Question: is $$b+c > a$$ ? --> or: is $$b+c-a > 0$$?

(1) c > a. If $$a=1$$, $$b=2$$ and $$c=3$$, then the answer is clearly YES but if $$a=-3$$, $$b=-2$$ and $$c=-1$$, then the answer is NO. Not sufficient.

(2) abc > 0. Either all three unknowns are positive (answer YES) or two unknowns are negative and the third one is positive. Notice that in the second case one of the unknowns that is negative must be $$a$$ (because if $$a$$ is not negative, then $$b$$ is also not negative so we won't have two negative unknowns). To get a NO answer for the second case consider $$a=-3$$, $$b=1$$ and $$c=-4$$ and . Not sufficient.

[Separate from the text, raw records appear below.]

lemma lower_block_first:
  assumes c: "compatible_chain c" and l: "l \<in> extensions_with c"
    and x: "in_lower_block (filter (\<lambda>z. z \<in> S) l) x" and y: "\<not> in_lower_block (filter (\<lambda>z. z \<in> S) l) y"
  shows "\<not> before l y x"
proof
  let ?\<tau> = "filter (\<lambda>z. z \<in> S) l"
  assume yx: "before l y x"
  have dl: "distinct l" and sl: "set l = S \<union> set c" and srt: "sorted_wrt R l"
    using l unfolding extensions_with_def by auto
  obtain lo where lo: "lo \<in> Lo" "x = lo \<or> before ?\<tau> x lo"
    using x unfolding in_lower_block_def by blast
  have xS: "x \<in> S" and loS: "lo \<in> S"
    using in_lower_block_mem[OF x] lo(1) Lo_subset by auto
  have "before l y lo"
    using lo(2) yx before_filter[of "\<lambda>z. z \<in> S" x lo l] xS loS before_trans[OF dl yx] by auto
  show False
  proof (cases "y \<in> S")
    case True
    then have "before ?\<tau> y x"
      using yx xS by (simp add: before_filter)
    then show False
      using in_lower_block_closed[OF _ x] y dl by simp
  next
    case False
    then have "y \<in> set c"
      using before_set[OF yx] sl by auto
    moreover have "R y lo"
      using srt \<open>before l y lo\<close> unfolding sorted_wrt_before by blast
    ultimately show False
      using c loS lo(1) unfolding compatible_chain_def by auto
  qed
qed

lemma upper_block_last:
  assumes c: "compatible_chain c" and l: "l \<in> extensions_with c"
    and x: "in_upper_block (filter (\<lambda>z. z \<in> S) l) x" and y: "\<not> in_upper_block (filter (\<lambda>z. z \<in> S) l) y"
  shows "\<not> before l x y"
proof
  let ?\<tau> = "filter (\<lambda>z. z \<in> S) l"
  assume xy: "before l x y"
  have dl: "distinct l" and sl: "set l = S \<union> set c" and srt: "sorted_wrt R l"
    using l unfolding extensions_with_def by auto
  obtain hi where hi: "hi \<in> Hi" "x = hi \<or> before ?\<tau> hi x"
    using x unfolding in_upper_block_def by blast
  have xS: "x \<in> S" and hiS: "hi \<in> S"
    using in_upper_block_mem[OF x] hi(1) Hi_subset by auto
  have "before l hi y"
    using hi(2) xy before_filter[of "\<lambda>z. z \<in> S" hi x l] xS hiS before_trans[OF dl _ xy] by auto
  show False
  proof (cases "y \<in> S")
    case True
    then have "before ?\<tau> x y"
      using xy xS by (simp add: before_filter)
    then show False
      using in_upper_block_closed[OF _ x] y dl by simp
  next
    case False
    then have "y \<in> set c"
      using before_set[OF xy] sl by auto
    moreover have "R hi y"
      using srt \<open>before l hi y\<close> unfolding sorted_wrt_before by blast
    ultimately show False
      using c hiS hi(1) unfolding compatible_chain_def by auto
  qed
qed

(1)+(2) We have that $$b > a$$, $$c > a$$ ($$c-a>0$$) and that either all three unknowns are positive or $$a$$ and any from $$b$$ and $$c$$ is negative. Again for the first case the answer is obviously YES. As for the second case: say $$a$$ and $$c$$ are negative and $$b$$ is positive, then $$b+(c-a)=positive+positive>0$$ (you can apply the same reasoning if $$a$$ and $$b$$ are negative and $$c$$ is positive). So, we have that in both cases we have an YES answer. Sufficient.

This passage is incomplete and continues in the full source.